Sulaymān ibn Dāwūd, known by the regnal name of Badr al-Dīn () among the Isma'ili faithful, was the 26th and last imam of Hafizi Isma'ilism. Like his father, he spent most of his life in captivity at the hands of the Ayyubid dynasty.

Life
The Fatimid Caliphate had been ended by Saladin in 1171. In the aftermath, Saladin and his Ayyubid successors imprisoned the surviving members of the Fatimid dynasty, including the heir-apparent, Daoud ibn al-Adid, who was still recognized by the Hafizi Isma'ili faithful as their rightful imam. A series of pro-Fatimid conspiracies and uprisings in the 1170s failed to topple the new Ayyubid regime, and Daoud spent his life in prison, until his death in 1207–8.

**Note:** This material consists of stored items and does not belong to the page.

lemma gegenbauer_weight_Suc_param':
  "real lam * gegenbauer_weight (Suc lam) j = real (Suc j) * gegenbauer_weight lam (Suc j)"
proof -
  have "real lam * pochhammer (real lam + 1) j = pochhammer (real lam) (Suc j)"
    by (simp add: pochhammer_rec)
  moreover have "real (Suc j) * gegenbauer_weight lam (Suc j) = pochhammer (real lam) (Suc j) / fact j"
    by (simp add: gegenbauer_weight_def fact_Suc del: of_nat_Suc)
  ultimately show ?thesis by (simp add: gegenbauer_weight_def add.commute)
qed

definition fps_of_real :: "real fps \<Rightarrow> 'a::real_field fps" where
  "fps_of_real F = Abs_fps (\<lambda>k. of_real (fps_nth F k))"

lemma fps_nth_fps_of_real [simp]: "fps_nth (fps_of_real F) k = of_real (fps_nth F k)"
  by (simp add: fps_of_real_def)

lemma fps_of_real_mult: "fps_of_real (F * G) = fps_of_real F * fps_of_real G"
  by (rule fps_ext) (simp add: fps_mult_nth)

lemma fps_of_real_one: "fps_of_real 1 = 1"
  by (rule fps_ext) simp

lemma fps_of_real_add: "fps_of_real (F + G) = fps_of_real F + fps_of_real G"
  by (rule fps_ext) simp

lemma fps_of_real_diff: "fps_of_real (F - G) = fps_of_real F - fps_of_real G"
  by (rule fps_ext) simp

lemma fps_of_real_const: "fps_of_real (fps_const c) = fps_const (of_real c)"
  by (rule fps_ext) simp
(* For a positive integer $n$, the power graph $\Gamma_{\mathbb{Z}_n}$ of the cyclic group of order $n$ has orientable genus $2$ if and only if $n=8$. Moreover, $\gamma(\Gamma_{\mathbb{Z}_n})\ge 3$ for all $n\ge 9$.
   Context: The power graph $\Gamma_G$ of a finite group $G$ has vertex set $G$, two distinct elements adjacent if one is a power of the other. $\gamma$ denotes orientable genus (least number of handles on a sphere permitting a crossing-free embedding). *)

theory Defs
  imports Main
begin

text \<open>Simple graphs: a finite vertex set V and a symmetric irreflexive adjacency E.\<close>

definition darts :: "'a set \<Rightarrow> ('a \<Rightarrow> 'a \<Rightarrow> bool) \<Rightarrow> ('a \<times> 'a) set" where
  "darts V E = {(u, v). u \<in> V \<and> v \<in> V \<and> E u v}"

definition nbrs :: "'a set \<Rightarrow> ('a \<Rightarrow> 'a \<Rightarrow> bool) \<Rightarrow> 'a \<Rightarrow> 'a set" where
  "nbrs V E v = {u \<in> V. E v u}"

definition rotation_system :: "'a set \<Rightarrow> ('a \<Rightarrow> 'a \<Rightarrow> bool) \<Rightarrow> ('a \<Rightarrow> 'a \<Rightarrow> 'a) \<Rightarrow> bool" where
  "rotation_system V E rho \<longleftrightarrow>
     (\<forall>v\<in>V. bij_betw (rho v) (nbrs V E v) (nbrs V E v) \<and>
       (\<forall>u\<in>nbrs V E v. \<forall>w\<in>nbrs V E v. \<exists>k. (rho v ^^ k) u = w))"

definition face_perm :: "('a \<Rightarrow> 'a \<Rightarrow> 'a) \<Rightarrow> 'a \<times> 'a \<Rightarrow> 'a \<times> 'a" where
  "face_perm rho = (\<lambda>(u, v). (v, rho v u))"

definition num_faces :: "'a set \<Rightarrow> ('a \<Rightarrow> 'a \<Rightarrow> bool) \<Rightarrow> ('a \<Rightarrow> 'a \<Rightarrow> 'a) \<Rightarrow> nat" where
  "num_faces V E rho =
     (if darts V E = {} then 1
      else card ((\<lambda>d. {(face_perm rho ^^ k) d | k. True}) ` darts V E))"

text \<open>Orientable genus of a finite connected graph, via the Heffter--Edmonds--Ringel rotation
  principle: the least g such that some rotation system has Euler characteristic 2 - 2g.\<close>
definition graph_genus :: "'a set \<Rightarrow> ('a \<Rightarrow> 'a \<Rightarrow> bool) \<Rightarrow> nat" where
  "graph_genus V E = (LEAST g::nat. \<exists>rho. rotation_system V E rho \<and>
      int (card V) - int (card (darts V E) div 2) + int (num_faces V E rho) = 2 - 2 * int g)"

text \<open>Power graph of the cyclic group Z_n = {0,...,n-1} (additive): x ~ y iff x \<noteq> y and one is
  a multiple (i.e. a power in additive notation) of the other.\<close>
definition cyc_power_adj :: "nat \<Rightarrow> nat \<Rightarrow> nat \<Rightarrow> bool" where
  "cyc_power_adj n x y \<longleftrightarrow> x \<noteq> y \<and> ((\<exists>k::nat. y = (k * x) mod n) \<or> (\<exists>k::nat. x = (k * y) mod n))"

end

theory Submission
  imports Defs "HOL-Combinatorics.Cycles" "HOL-Combinatorics.Orbits" "HOL-Number_Theory.Cong"
begin

text \<open>The faces of the embedding given by a rotation system are the orbits of the face-tracing
  permutation, which is the product of the rotation of darts about their tails and the reversal
  of darts. Comparing the signs of these three permutations, each read off from its number of
  orbits, shows that the Euler characteristic \<open>V - E + F\<close> is always even, so the least genus is
  attained. In the power graph of \<open>\<int>\<^sub>n\<close> (\<open>n \<ge> 3\<close>) every face has at least three sides, whence
  \<open>6 (V - E + F) \<le> 6 V - 2 E\<close>. For \<open>n \<ge> 11\<close> the vertices \<open>0, \<plusminus>1, \<plusminus>a\<close>, with \<open>a\<close> a further unit,
  are adjacent to all others, so \<open>E \<ge> 5 n - 15\<close> and the genus is at least 3; for \<open>n \<le> 10\<close> the
  edges are counted directly, and explicit rotation systems show genus at most 1 for \<open>n \<le> 7\<close> and
  genus 2 for \<open>n = 8\<close>.\<close>

section \<open>Orbits and the sign of a permutation\<close>

lemma orbit_eq_if_in_orbit: "permutation p \<Longrightarrow> y \<in> orbit p x \<Longrightarrow> orbit p y = orbit p x"
  using cyclic_on_orbit' orbit_cyclic_eq3 by fastforce
lemma on_curve_ec_add:
  assumes "on_curve a b P" and "on_curve a b Q"
  shows "on_curve a b (ec_add a P Q)"
proof (cases P; cases Q)
  fix x1 y1 x2 y2
  assume P: "P = Pt x1 y1" and Q: "Q = Pt x2 y2"
  show ?thesis
  proof (cases "x1 = x2 \<and> y1 = - y2")
    case False
    have "y1 ^ 2 = x1 ^ 3 + a * x1 + b" and "y2 ^ 2 = x2 ^ 3 + a * x2 + b"
      using assms P Q by auto
    from ec_add_line[OF this False] show ?thesis
      unfolding P Q by (metis on_curve.simps(2))
  qed (use P Q in auto)
qed (use assms in auto)

lemma ec_add_commute:
  assumes "on_curve a b P" and "on_curve a b Q"
  shows "ec_add a P Q = ec_add a Q P"
proof (cases P; cases Q)
  fix x1 y1 x2 y2
  assume P: "P = Pt x1 y1" and Q: "Q = Pt x2 y2"
  show ?thesis
  proof (cases "x1 = x2 \<and> y1 = - y2")
    case False
    have c1: "y1 ^ 2 = x1 ^ 3 + a * x1 + b" and c2: "y2 ^ 2 = x2 ^ 3 + a * x2 + b"
      using assms P Q by auto
    obtain l v x3 y3 where h: "ec_add a (Pt x1 y1) (Pt x2 y2) = Pt x3 y3"
      "y1 = l * x1 + v" "y2 = l * x2 + v" "- y3 = l * x3 + v"
      "l ^ 2 = x1 + x2 + x3" "a - 2 * l * v = x1 * x2 + x1 * x3 + x2 * x3"
      using ec_add_line[OF c1 c2 False] by metis
    have "ec_add a (Pt x2 y2) (Pt x1 y1) = Pt x3 (- (- y3))"
      by (rule ec_add_collinear[OF c2 c1 h(3,2,4)])
        (use h(5,6) False in \<open>auto simp: algebra_simps\<close>)
    with h(1) show ?thesis
      unfolding P Q by simp
  qed (use P Q in auto)
qed auto

lemma ec_neg_add:
  assumes "on_curve a b P" and "on_curve a b Q"
  shows "ec_neg (ec_add a P Q) = ec_add a (ec_neg P) (ec_neg Q)"
proof (cases P; cases Q)
  fix x1 y1 x2 y2
  assume P: "P = Pt x1 y1" and Q: "Q = Pt x2 y2"
  show ?thesis
  proof (cases "x1 = x2 \<and> y1 = - y2")
    case False
    have c1: "(- y1) ^ 2 = x1 ^ 3 + a * x1 + b" and c2: "(- y2) ^ 2 = x2 ^ 3 + a * x2 + b"
      using assms P Q by auto
    obtain l v x3 y3 where h: "ec_add a (Pt x1 y1) (Pt x2 y2) = Pt x3 y3"
      "y1 = l * x1 + v" "y2 = l * x2 + v" "- y3 = l * x3 + v"
      "l ^ 2 = x1 + x2 + x3" "a - 2 * l * v = x1 * x2 + x1 * x3 + x2 * x3"
      using ec_add_line[OF c1[simplified] c2[simplified] False] by metis
    have "y3 = - l * x3 + - v"
      using h(4) by algebra
    then have "ec_add a (Pt x1 (- y1)) (Pt x2 (- y2)) = Pt x3 (- y3)"
      by (intro ec_add_collinear[OF c1 c2, where l = "- l" and v = "- v"])
        (use h(2,3,5,6) False in \<open>auto simp: algebra_simps\<close>)
    with h(1) show ?thesis
      unfolding P Q by simp
  qed (use P Q in auto)
qed auto
lemma threshold_step_mono:
  assumes ratio: "0 \<le> lam1 / mu1" "lam1 / mu1 \<le> lam2 / mu2" and cost: "c1 / mu1 \<le> c2 / mu2"
    and "0 < mu1" "0 < mu2" "2 \<le> K"
    and "0 \<le> a1" "a1 \<le> a2" "a1 < x1" "x1 < 1" "a2 < x2" "x2 < 1"
    and root1: "mu1 * integral {a1..x1} (\<lambda>v. Jd v / Ssum F lam1 mu1 K v) = c1"
    and root2: "mu2 * integral {a2..x2} (\<lambda>v. Jd v / Ssum F lam2 mu2 K v) = c2"
  shows "x1 \<le> x2" and "c1 / mu1 < c2 / mu2 \<or> lam1 / mu1 < lam2 / mu2 \<Longrightarrow> x1 < x2"
proof -
  let ?H1 = "\<lambda>v. Jd v / Ssum F lam1 mu1 K v" and ?H2 = "\<lambda>v. Jd v / Ssum F lam2 mu2 K v"
  have "0 \<le> lam2 / mu2" "1 \<le> K"
    using ratio \<open>2 \<le> K\<close> by linarith+
  have I1: "integral {a1..x1} ?H1 = c1 / mu1" and I2: "integral {a2..x2} ?H2 = c2 / mu2"
    using root1 root2 \<open>0 < mu1\<close> \<open>0 < mu2\<close> by (auto simp: field_simps)
  have weight: "integral {a1..x1} ?H2 \<le> integral {a1..x1} ?H1"
    using assms by (intro integral_Jd_div_Ssum_antimono) auto
  show "x1 \<le> x2"
  proof (rule ccontr)
    assume "\<not> x1 \<le> x2"
    then have "integral {a2..x2} ?H2 \<le> integral {a1..x2} ?H2"
      using assms \<open>0 \<le> lam2 / mu2\<close> \<open>1 \<le> K\<close> by (intro integral_Jd_div_Ssum_subinterval) auto
    also have "\<dots> < integral {a1..x1} ?H2"
      using assms \<open>0 \<le> lam2 / mu2\<close> \<open>1 \<le> K\<close> \<open>\<not> x1 \<le> x2\<close>
      by (intro integral_Jd_div_Ssum_strict_mono) auto
    finally show False
      using weight I1 I2 cost by linarith
  qed
  assume strict: "c1 / mu1 < c2 / mu2 \<or> lam1 / mu1 < lam2 / mu2"
  show "x1 < x2"
  proof (rule ccontr)
    assume "\<not> x1 < x2"
    then have "integral {a2..x2} ?H2 \<le> integral {a1..x1} ?H2"
      using assms \<open>0 \<le> lam2 / mu2\<close> \<open>1 \<le> K\<close> by (intro integral_Jd_div_Ssum_subinterval) auto
    moreover have "lam1 / mu1 < lam2 / mu2 \<Longrightarrow> integral {a1..x1} ?H2 < integral {a1..x1} ?H1"
      using assms by (intro integral_Jd_div_Ssum_strict_antimono) auto
    ultimately show False
      using strict weight I1 I2 cost by linarith
  qed
qed

lemma vhat_mono:
  assumes "0 < c1" "0 < c2" "0 < mu1" "0 < mu2"
    and ratio: "0 \<le> lam1 / mu1" "lam1 / mu1 \<le> lam2 / mu2" and cost: "c1 / mu1 \<le> c2 / mu2"
  shows "vhat F f Jd c1 lam1 mu1 (Suc k) < 1 \<Longrightarrow> vhat F f Jd c2 lam2 mu2 (Suc k) < 1 \<Longrightarrow>
    vhat F f Jd c1 lam1 mu1 (Suc k) \<le> vhat F f Jd c2 lam2 mu2 (Suc k) \<and>
    (c1 / mu1 < c2 / mu2 \<or> (1 \<le> k \<and> lam1 / mu1 < lam2 / mu2)
      \<longrightarrow> vhat F f Jd c1 lam1 mu1 (Suc k) < vhat F f Jd c2 lam2 mu2 (Suc k))"
proof (induction k)
  case 0
  let ?v1 = "vhat F f Jd c1 lam1 mu1 1" and ?v2 = "vhat F f Jd c2 lam2 mu2 1"
  have "?v1 \<in> {0..1}" "?v2 \<in> {0..1}" "Jfun F f ?v1 = c1 / mu1" "Jfun F f ?v2 = c2 / mu2"
    using vhat_one_spec assms(1-4) 0 by simp_all
  then have "?v1 < ?v2 \<longleftrightarrow> c1 / mu1 < c2 / mu2" "?v2 < ?v1 \<longleftrightarrow> c2 / mu2 < c1 / mu1"
    using J_less_iff by metis+
  then show ?case
    using cost by auto
next
  case (Suc k)
  have "0 \<le> lam2 / mu2"
    using ratio by linarith
  let ?a1 = "vhat F f Jd c1 lam1 mu1 (Suc k)" and ?a2 = "vhat F f Jd c2 lam2 mu2 (Suc k)"
  have "?a1 < 1" "?a2 < 1"
    using Suc.prems by (auto intro: vhat_less_one_SucD)
  then have "?a1 \<le> ?a2"
    using Suc.IH by blast
  have "0 \<le> ?a1" "0 \<le> ?a2"
    using vhat_nonneg assms(1-4) ratio(1) \<open>0 \<le> lam2 / mu2\<close> \<open>?a1 < 1\<close> \<open>?a2 < 1\<close> by blast+
  note spec1 = vhat_Suc_Suc_spec[OF assms(1) ratio(1) assms(3) Suc.prems(1) \<open>0 \<le> ?a1\<close>]
  note spec2 = vhat_Suc_Suc_spec[OF assms(2) \<open>0 \<le> lam2 / mu2\<close> assms(4) Suc.prems(2) \<open>0 \<le> ?a2\<close>]
  show ?case
    using threshold_step_mono[OF ratio cost assms(3,4) _ \<open>0 \<le> ?a1\<close> \<open>?a1 \<le> ?a2\<close>
        spec1(1) Suc.prems(1) spec2(1) Suc.prems(2) spec1(2) spec2(2)]
    by auto
qed
lemma mu_ge_rho_mult:
  assumes X: "X \<in> carrier_mat n p" and \<theta>: "\<theta> \<in> carrier_vec p" and \<phi>: "0 < \<phi>"
    and M: "\<forall>g\<in>M. g \<subseteq> {0..<p} \<and> full_col_rank X g" and g: "g \<in> M"
    and D: "h - g \<subseteq> supp \<theta>" "h - g \<noteq> {}"
    and t: "0 \<le> t" "t \<le> (\<Sum>j\<in>h - g. (\<theta> $ j)\<^sup>2)"
  shows "real n / \<phi> * rho X \<theta> M * t \<le> mu X \<theta> \<phi> h g"
proof -
  define S where "S = supp \<theta> - g"
  define A where "A = resid_gram X g S"
  define v where "v = vsub (restrict_vec \<theta> (h - g)) S"
  have g': "g \<subseteq> {0..<p}" "full_col_rank X g" using M g by auto
  have S: "h - g \<subseteq> S" "S \<subseteq> {0..<p}" "0 < card S"
    using \<theta> D unfolding S_def supp_def by (auto simp: card_gt_0_iff finite_subset)
  have v: "v \<in> carrier_vec (card S)"
    unfolding v_def using \<theta> S(2) by (intro vsub_carrier) (auto simp: restrict_vec_def)
  have rho: "rho X \<theta> M \<le> lambda_min A"
    unfolding A_def S_def using M g D by (intro rho_le_lambda_min_resid_gram) auto
  have rayleigh: "lambda_min A * (v \<bullet> v) \<le> v \<bullet> (A *\<^sub>v v)"
    unfolding A_def using resid_gram_carrier_symmetric[OF X g' S(2)] S(3) v
    by (intro lambda_min_le_rayleigh) auto
  show ?thesis
  proof (cases "n = 0 \<or> rho X \<theta> M \<le> 0")
    case True
    then have "real n / \<phi> * rho X \<theta> M \<le> 0"
      using \<phi> by (cases "n = 0") (auto intro!: mult_nonneg_nonpos simp del: times_divide_eq_left)
    with t(1) mu_nonneg[OF \<phi>] show ?thesis by (meson mult_nonpos_nonneg order_trans)
  next
    case False
    then have n: "0 < n" and "0 < rho X \<theta> M" by auto
    have "rho X \<theta> M * t \<le> lambda_min A * (v \<bullet> v)"
      unfolding v_def vsub_restrict_sq_norm[OF \<theta> S(1,2)]
      using rho t \<open>0 < rho X \<theta> M\<close> by (intro mult_mono) auto
    then have "real n / \<phi> * rho X \<theta> M * t \<le> real n / \<phi> * (lambda_min A * (v \<bullet> v))"
      using \<phi> unfolding mult.assoc by (intro mult_left_mono) auto
    also have "\<dots> \<le> real n / \<phi> * (v \<bullet> (A *\<^sub>v v))"
      using rayleigh \<phi> by (intro mult_left_mono) auto
    also have "\<dots> = mu X \<theta> \<phi> h g"
      unfolding A_def v_def using mu_eq_resid_gram_form[OF X \<theta> n g' S(1,2)] by simp
    finally show ?thesis .
  qed
qed
lemma norm_Nintegral_le:
  fixes \<alpha> \<beta> :: real and n :: nat
  assumes n: "n > 0" and e1: "real n powr (-\<alpha>) \<le> 1/4" and dl: "real d * real n powr (-\<beta>) \<le> 1/4"
  shows "norm (Nintegral d S wt \<alpha> \<beta> v n)
    \<le> (prefactor_const * prefactor_scale \<alpha> \<beta> n * W ^ n
        * exp (real n * (2 * (real n powr (-\<alpha>))\<^sup>2))) * sqrt (pi / (real n * gauss_rate)) ^ d"
proof -
  define eps where "eps = real n powr (-\<alpha>)"
  define \<delta> where "\<delta> = real n powr (-\<beta>)"
  have e0: "0 < eps" using n by (simp add: eps_def)
  have d0: "0 \<le> \<delta>" by (simp add: \<delta>_def)
  have N: "Nintegral d S wt \<alpha> \<beta> v n = set_lebesgue_integral (PiM {1..d} (\<lambda>_. lborel)) (Nbox d \<delta> v)
      (\<lambda>\<theta>. integrand d S wt n (zpt d eps \<theta>) * (\<Prod>j\<in>{1..d}. \<i> * zpt d eps \<theta> j))"
    unfolding Nintegral_def Let_def eps_def \<delta>_def ..
  have k: "real n * gauss_rate > 0" using n gauss_rate_pos by simp
  have K: "0 \<le> prefactor_const * (\<delta> + eps + \<delta>\<^sup>2 / eps) * W ^ n * exp (real n * (2 * eps\<^sup>2))"
    using prefactor_const_pos e0 d0 W_pos by simp
  have "norm (set_lebesgue_integral (PiM {1..d} (\<lambda>_. lborel)) (Nbox d \<delta> v)
      (\<lambda>\<theta>. integrand d S wt n (zpt d eps \<theta>) * (\<Prod>j\<in>{1..d}. \<i> * zpt d eps \<theta> j)))
      \<le> (prefactor_const * (\<delta> + eps + \<delta>\<^sup>2 / eps) * W ^ n * exp (real n * (2 * eps\<^sup>2))) * sqrt (pi / (real n * gauss_rate)) ^ card {1..d}"
    by (rule norm_set_integral_le_gaussian[OF k K _ finite_atLeastAtMost])
       (rule norm_Nintegrand_le[OF e0 _ d0], use e1 dl in \<open>auto simp: eps_def \<delta>_def\<close>)
  then show ?thesis unfolding N eps_def \<delta>_def prefactor_scale_def by simp
qed

lemma norm_Nintegral_eventually_le:
  assumes a: "1/2 < \<alpha>" and b: "0 < \<beta>"
  shows "eventually (\<lambda>n. norm (Nintegral d S wt \<alpha> \<beta> v n)
     \<le> prefactor_const * exp 2 * sqrt (pi / gauss_rate) ^ d * prefactor_scale \<alpha> \<beta> n
        * (W ^ n * real n powr (- (real d / 2)))) sequentially"
proof -
  have r: "filterlim (\<lambda>n. real n) at_top sequentially" by (rule filterlim_real_sequentially)
  have "(\<lambda>n. real n powr (-\<alpha>)) \<longlonglongrightarrow> 0" by (rule tendsto_neg_powr[OF _ r]) (use a in simp)
  then have ev_eps: "eventually (\<lambda>n. real n powr (-\<alpha>) < 1/4) sequentially"
    by (rule order_tendstoD(2)) simp
  have "(\<lambda>n. real d * real n powr (-\<beta>)) \<longlonglongrightarrow> real d * 0"
    by (intro tendsto_mult tendsto_const tendsto_neg_powr[OF _ r]) (use b in simp)
  then have ev_delta: "eventually (\<lambda>n. real d * real n powr (-\<beta>) < 1/4) sequentially"
    by (rule order_tendstoD(2)) simp
  show ?thesis using ev_eps ev_delta eventually_ge_at_top[of 1]
  proof eventually_elim
    case (elim n)
    then have n0: "n > 0" by simp
    have "norm (Nintegral d S wt \<alpha> \<beta> v n) \<le> (prefactor_const * prefactor_scale \<alpha> \<beta> n * W ^ n
        * exp (real n * (2 * (real n powr (-\<alpha>))\<^sup>2))) * sqrt (pi / (real n * gauss_rate)) ^ d"
      using elim by (intro norm_Nintegral_le[OF n0]) auto
    also have "\<dots> \<le> (prefactor_const * prefactor_scale \<alpha> \<beta> n * W ^ n * exp 2)
        * sqrt (pi / (real n * gauss_rate)) ^ d"
      using real_mult_powr_square_le[OF elim(3) a] prefactor_const_pos prefactor_scale_nonneg W_pos gauss_rate_pos
      by (intro mult_right_mono mult_left_mono) auto
    also have "sqrt (pi / (real n * gauss_rate)) ^ d = sqrt (pi / gauss_rate) ^ d * real n powr (- (real d / 2))"
      by (rule sqrt_divide_power_eq[OF n0]) (use gauss_rate_pos in auto)
    finally show ?case by (simp add: mult_ac)
  qed
qed

end

theorem mainTheorem9:
  fixes d :: nat and S :: "(nat \<Rightarrow> int) set" and wt :: "(nat \<Rightarrow> int) \<Rightarrow> real"
    and \<alpha> \<beta> :: real and v :: "nat \<Rightarrow> complex"
  assumes "d \<ge> 1"
    and "valid_stepset d S"
    and "\<forall>i\<in>S. wt i > 0"
    and "symmetric_first d S wt"
    and "all_directions d S"
    and "polyA d S wt (\<lambda>_. 1) = polyB d S wt (\<lambda>_. 1)"
    and "1/2 < \<alpha>" and "\<alpha> < 2 * \<beta>" and "\<alpha> + \<beta> > 1" and "1/3 < \<beta>" and "\<beta> < 1/2"
    and "v \<in> Gamma d S wt"
    and "\<exists>j\<in>{1..d}. v j \<noteq> 1"
  shows "(\<lambda>n. cmod (Nintegral d S wt \<alpha> \<beta> v n))
           \<in> o(\<lambda>n. Re (charpoly d S wt (\<lambda>_. 1)) ^ n * real n powr (- (real d / 2)))"
proof -
  interpret walk d S wt v using assms by unfold_locales auto
  have "(\<lambda>n. cmod (Nintegral d S wt \<alpha> \<beta> v n)) \<in> o(\<lambda>n. W ^ n * real n powr (- (real d / 2)))"
  proof (rule smallo_of_eventually_le_vanishing)
    show "eventually (\<lambda>n. \<bar>cmod (Nintegral d S wt \<alpha> \<beta> v n)\<bar>
        \<le> prefactor_const * exp 2 * sqrt (pi / gauss_rate) ^ d * prefactor_scale \<alpha> \<beta> n
           * (W ^ n * real n powr (- (real d / 2)))) sequentially"
      using norm_Nintegral_eventually_le[of \<alpha> \<beta>] assms by simp
    show "prefactor_scale \<alpha> \<beta> \<longlonglongrightarrow> 0"
      by (rule prefactor_scale_tendsto_zero) (use assms in auto)
    show "0 < prefactor_const * exp 2 * sqrt (pi / gauss_rate) ^ d"
      using prefactor_const_pos gauss_rate_pos by simp
    show "0 \<le> W ^ n * real n powr (- (real d / 2))" for n
      using W_pos by simp
  qed
  then show ?thesis by (simp add: charpoly_one)
qed

end
text \<open>Conjugating the relation \<open>m \<otimes> ncomp h = defect m h \<otimes> ncomp (mu m \<otimes> h)\<close> by an arbitrary
  \<open>s\<close> and applying \<open>kappa\<close>.\<close>
lemma kappa_act_relation:
  assumes m: "m \<in> carrier M" and s: "s \<in> carrier G" and h: "h \<in> carrier G"
  defines "t \<equiv> s0 (proj h)"
  shows "kappa (act s m) (s \<otimes>\<^bsub>G\<^esub> h) \<otimes>\<^bsub>K\<^esub> kappa (act s (ncomp h)) (s \<otimes>\<^bsub>G\<^esub> t)
       = aK (proj s) (kappa m h) \<otimes>\<^bsub>K\<^esub> kappa (act s (ncomp (mu m \<otimes>\<^bsub>G\<^esub> h))) (s \<otimes>\<^bsub>G\<^esub> t)"
proof -
  have t: "t \<in> carrier G" unfolding t_def using h by simp
  have mh: "mu m \<otimes>\<^bsub>G\<^esub> h \<in> carrier G" using m h by simp
  have a: "act s m \<otimes>\<^bsub>M\<^esub> act s (ncomp h) = act s (defect m h) \<otimes>\<^bsub>M\<^esub> act s (ncomp (mu m \<otimes>\<^bsub>G\<^esub> h))"
    using defect_eq[OF m h] s m h by (simp add: act_mult[symmetric])
  have g1: "mu (act s (ncomp h)) \<otimes>\<^bsub>G\<^esub> (s \<otimes>\<^bsub>G\<^esub> t) = s \<otimes>\<^bsub>G\<^esub> h"
    using s h normal_form[OF h] unfolding t_def by (simp add: mu_act gG.m_assoc gG.cancel_l1)
  have g2: "mu (act s (ncomp (mu m \<otimes>\<^bsub>G\<^esub> h))) \<otimes>\<^bsub>G\<^esub> (s \<otimes>\<^bsub>G\<^esub> t) \<in> carrier G" using s t mh by simp
  have cen: "mu (act s (defect m h)) = \<one>\<^bsub>G\<^esub>" using s m h by (simp add: act_central)
  have "kappa (act s m \<otimes>\<^bsub>M\<^esub> act s (ncomp h)) (s \<otimes>\<^bsub>G\<^esub> t)
      = kappa (act s m) (s \<otimes>\<^bsub>G\<^esub> h) \<otimes>\<^bsub>K\<^esub> kappa (act s (ncomp h)) (s \<otimes>\<^bsub>G\<^esub> t)"
    using kappa_mult[of "act s m" "act s (ncomp h)" "s \<otimes>\<^bsub>G\<^esub> t"] g1 s t m h by simp
  moreover have "kappa (act s (defect m h)) (mu (act s (ncomp (mu m \<otimes>\<^bsub>G\<^esub> h))) \<otimes>\<^bsub>G\<^esub> (s \<otimes>\<^bsub>G\<^esub> t))
      = aK (proj s) (kappa m h)"
    using kappa_central[OF _ cen g2] iota_inv_act[of s "defect m h"] s m h unfolding kappa_def by simp
  then have "kappa (act s (defect m h) \<otimes>\<^bsub>M\<^esub> act s (ncomp (mu m \<otimes>\<^bsub>G\<^esub> h))) (s \<otimes>\<^bsub>G\<^esub> t)
      = aK (proj s) (kappa m h) \<otimes>\<^bsub>K\<^esub> kappa (act s (ncomp (mu m \<otimes>\<^bsub>G\<^esub> h))) (s \<otimes>\<^bsub>G\<^esub> t)"
    using kappa_mult[of "act s (defect m h)" "act s (ncomp (mu m \<otimes>\<^bsub>G\<^esub> h))" "s \<otimes>\<^bsub>G\<^esub> t"] s t m h mh
    by simp
  ultimately show ?thesis using a by simp
qed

Despite the separation of male and female prisoners, Daoud apparently managed to beget two sons, reportedly with slave women secretly smuggled into his chambers. Sulayman, given the epithet Badr al-Din by his followers, was the oldest. As soon as his mother had conceived him, she was reportedly smuggled to Upper Egypt, where pro-Fatimid sentiment lingered, and where her son was born. It was only later, likely under the Ayyubid sultan al-Kamil (), that Sulayman was captured and confined in the Cairo Citadel, where the rest of the Fatimid clan was being held as well.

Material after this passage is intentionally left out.